WORK TO COMPLETE: Match the word "lfloor". Return each line of the data below where it appears.

RECORDS PROVIDED:
(* Let $r\ge1$, $\mu\in\mathcal P_r$ and $1\le s\le r$. For every $n\in\mathbb N$ let $\mathbf x_n\in\Xi_n$ minimize $\mathbf y\mapsto d_s(\delta^{\mathbf u_n}_{\mathbf y},\mu)$ over $\Xi_n$ (a best uniform $s$-approximation). Then $\lim_{n\to\infty}d_r(\delta^{\mathbf u_n}_{\mathbf x_n},\mu)=0$. In particular, $\lim_{n\to\infty}d_r(\delta^{\mathbf u_n}_{\mathbf x_n},\mu)=0$ for $x_{n,i}=F_\mu^{-1}\big(\tfrac{2i-1}{2n}\big)$, $1\le i\le n$.
   Context: $\mathcal P$ denotes the set of Borel probability measures on $\mathbb R$; $\mathcal P_r=\{\mu\in\mathcal P:\int|x|^r{\rm d}\mu(x)<\infty\}$. For $\mu\in\mathcal P$, $F_\mu(x)=\mu(]-\infty,x])$ and $F_\mu^{-1}(t)=\sup\{x: F_\mu(x)\le t\}$, $t\in]0,1[$. $d_r(\mu,\nu)=\big(\int_0^1|F_\mu^{-1}(t)-F_\nu^{-1}(t)|^r{\rm d}t\big)^{1/r}$. $\Xi_n=\{\mathbf x\in\mathbb R^n:x_1\le\dots\le x_n\}$, $\mathbf u_n=(1/n,\dots,1/n)$, $\delta^{\mathbf u_n}_{\mathbf x}=\frac1n\sum_{i=1}^n\delta_{x_i}$. *)

theory Defs
  imports "HOL-Probability.Probability"
begin

definition cdf_of :: "real measure \<Rightarrow> real \<Rightarrow> real" where
  "cdf_of M x = measure M {..x}"

definition quantile :: "real measure \<Rightarrow> real \<Rightarrow> real" where
  "quantile M t = Sup {x. cdf_of M x \<le> t}"

definition dist_r :: "real \<Rightarrow> real measure \<Rightarrow> real measure \<Rightarrow> real" where
  "dist_r r M N =
     (LINT t:{0<..<1}|lborel. \<bar>quantile M t - quantile N t\<bar> powr r) powr (1 / r)"

definition unif_emp :: "nat \<Rightarrow> (nat \<Rightarrow> real) \<Rightarrow> real measure" where
  "unif_emp n x = measure_pmf (map_pmf x (pmf_of_set {1..n}))"

definition Xi :: "nat \<Rightarrow> (nat \<Rightarrow> real) set" where
  "Xi n = {x. \<forall>i j. 1 \<le> i \<longrightarrow> i \<le> j \<longrightarrow> j \<le> n \<longrightarrow> x i \<le> x j}"

end

theory Submission
  imports Defs
begin

text \<open>
  Write \<open>Q\<close> for the quantile function of \<open>\<mu>\<close>. On the \<open>i\<close>-th of the \<open>n\<close> cells of \<open>]0,1[\<close> the
  quantile function of \<open>\<delta>\<^sub>x\<close> is the constant \<open>x\<^sub>i\<close>, so \<open>d\<^sub>p(\<delta>\<^sub>x, \<mu>)\<^sup>p\<close> is the sum over the cells of
  the integrals of \<open>|x\<^sub>i - Q|\<^sup>p\<close>. In a best \<open>s\<close>-approximation every \<open>x\<^sub>i\<close> lies between \<open>Q((i-1)/n)\<close>
  and \<open>Q(i/n)\<close>, since otherwise clamping the points towards \<open>Q\<close> would strictly lower the cost. So
  replacing \<open>x\<^sub>i\<close> alone by the midpoint value \<open>c\<^sub>i = Q((2i-1)/(2n))\<close> gives a competitor, and \<open>x\<^sub>i\<close> is
  at least as good as \<open>c\<^sub>i\<close> in \<open>L\<^sup>s\<close> on its cell; an elementary inequality turns this into a bound of
  the \<open>L\<^sup>r\<close> cost of \<open>x\<^sub>i\<close> by a constant multiple of that of \<open>c\<^sub>i\<close>. Finally the midpoint values
  converge in \<open>L\<^sup>r\<close>: after truncating \<open>Q\<close> at height \<open>K\<close>, the truncated parts increase across the cells
  and contribute at most \<open>(2K)\<^sup>r/n\<close> in total, and the remainder is controlled by the tail
  \<open>\<integral>|Q - clip\<^sub>K Q|\<^sup>r\<close>, which vanishes as \<open>K \<rightarrow> \<infinity>\<close> by dominated convergence.
\<close>

lemma set_integrable_const:
  "A \<in> sets M \<Longrightarrow> emeasure M A < \<infinity> \<Longrightarrow> set_integrable M A (\<lambda>_. c :: real)"
  unfolding set_integrable_def by (intro integrable_scaleR_left integrable_real_indicator)

lemma set_integral_mono_set:
  fixes f :: "'a \<Rightarrow> real"
  assumes "set_integrable M A f" "B \<in> sets M" "B \<subseteq> A" "\<And>x. x \<in> A \<Longrightarrow> 0 \<le> f x"
  shows "(LINT x:B|M. f x) \<le> (LINT x:A|M. f x)"
  using set_integrable_subset[OF assms(1-3)] assms
  unfolding set_integrable_def set_lebesgue_integral_def
  by (intro integral_mono) (auto split: split_indicator)

lemma emeasure_subset_unit_finite:
  assumes "B \<subseteq> {0<..<1::real}"
  shows "emeasure lborel B < \<infinity>"
proof -
  have "emeasure lborel B \<le> emeasure lborel {0<..<1::real}"
    using assms by (intro emeasure_mono) auto
  then show ?thesis
    by (simp add: le_less_trans)
qed

lemma set_borel_measurable_restrict_space:
  fixes h :: "'a \<Rightarrow> real"
  assumes "h \<in> borel_measurable (restrict_space M A)" "B \<in> sets M" "B \<subseteq> A"
  shows "set_borel_measurable M B h"
  using measurable_restrict_mono[OF assms(1,3)] assms(2)
  by (simp add: set_borel_measurable_def borel_measurable_restrict_space_iff)

lemma mono_on_measurable_unit:
  fixes Q :: "real \<Rightarrow> real"
  assumes "mono_on {0<..<1} Q"
  shows "Q \<in> borel_measurable (restrict_space lborel {0<..<1})"
proof -
  have "sets (restrict_space lborel {0<..<1::real}) = sets (restrict_space borel {0<..<1})"
    by (simp only: sets_restrict_space sets_lborel)
  then show ?thesis
    unfolding measurable_cong_sets[OF _ refl] using borel_measurable_mono_on_fnc[OF assms] by simp
qed

section \<open>Cells of the unit interval and empirical quantile functions\<close>

text \<open>The first cell is open at \<open>0\<close> so that the cells partition \<open>]0,1[\<close>.\<close>

definition cell :: "nat \<Rightarrow> nat \<Rightarrow> real set" where
  "cell n i = (if i = 1 then {0<..<1 / real n} else {real (i - 1) / real n ..< real i / real n})"

lemma sets_cell [measurable]: "cell n i \<in> sets borel"
  by (simp add: cell_def)

lemma emeasure_cell_finite: "emeasure lborel (cell n i) < \<infinity>"
proof -
  have "real (i - 1) / real n \<le> real i / real n"
    by (simp add: divide_right_mono)
  then show ?thesis
    by (cases "i = 1") (auto simp: cell_def emeasure_lborel_Ico)
qed

lemma measure_cell: "1 \<le> i \<Longrightarrow> 1 \<le> n \<Longrightarrow> measure lborel (cell n i) = 1 / real n"
  by (cases "i = 1") (auto simp: cell_def of_nat_diff diff_divide_distrib)

lemma set_integrable_cell_const: "set_integrable lborel (cell n i) (\<lambda>t. c :: real)"
  using emeasure_cell_finite by (intro set_integrable_const) auto

lemma set_integral_cell_const:
  "1 \<le> i \<Longrightarrow> 1 \<le> n \<Longrightarrow> (LINT t:cell n i|lborel. (c :: real)) = c / real n"
  using emeasure_cell_finite[of n i] by (subst set_integral_const) (auto simp: measure_cell)

lemma cell_lower: "1 \<le> i \<Longrightarrow> t \<in> cell n i \<Longrightarrow> real (i - 1) / real n \<le> t"
  by (cases "i = 1") (auto simp: cell_def)

lemma cell_upper: "t \<in> cell n i \<Longrightarrow> t < real i / real n"
  by (cases "i = 1") (auto simp: cell_def)

lemma greaterThanLessThan_subset_cell:
  "1 \<le> i \<Longrightarrow> {real (i - 1) / real n <..< real i / real n} \<subseteq> cell n i"
  by (cases "i = 1") (auto simp: cell_def)

lemma cell_subset_unit:
  assumes "1 \<le> i" "i \<le> n"
  shows "cell n i \<subseteq> {0<..<1}"
proof
  fix t assume t: "t \<in> cell n i"
  have "0 < t"
  proof (cases "i = 1")
    case False
    with assms have "0 < real (i - 1) / real n" by simp
    with cell_lower[OF assms(1) t] show ?thesis by linarith
  qed (use t in \<open>simp add: cell_def\<close>)
  moreover have "t < 1"
    using cell_upper[OF t] assms by (simp add: divide_le_eq_1 order.strict_trans2)
  ultimately show "t \<in> {0<..<1}" by simp
qed

lemma mem_cell_iff:
  assumes t: "t \<in> {0<..<1}" and "1 \<le> n" "1 \<le> i"
  shows "t \<in> cell n i \<longleftrightarrow> nat \<lfloor>real n * t\<rfloor> + 1 = i"
proof -
  have n: "real n > 0" using assms by simp
  have "t \<in> cell n i \<longleftrightarrow> real (i - 1) \<le> real n * t \<and> real n * t < real i"
    using t n by (cases "i = 1") (auto simp: cell_def field_simps)
  also have "\<dots> \<longleftrightarrow> \<lfloor>real n * t\<rfloor> = int (i - 1)"
    using assms by (auto simp: floor_eq_iff)
  also have "\<dots> \<longleftrightarrow> nat \<lfloor>real n * t\<rfloor> + 1 = i"
    using assms t by auto
  finally show ?thesis .
qed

SOLVED EXERCISE:
  shows "t \<in> cell n i \<longleftrightarrow> nat \<lfloor>real n * t\<rfloor> + 1 = i"
  also have "\<dots> \<longleftrightarrow> \<lfloor>real n * t\<rfloor> = int (i - 1)"
  also have "\<dots> \<longleftrightarrow> nat \<lfloor>real n * t\<rfloor> + 1 = i"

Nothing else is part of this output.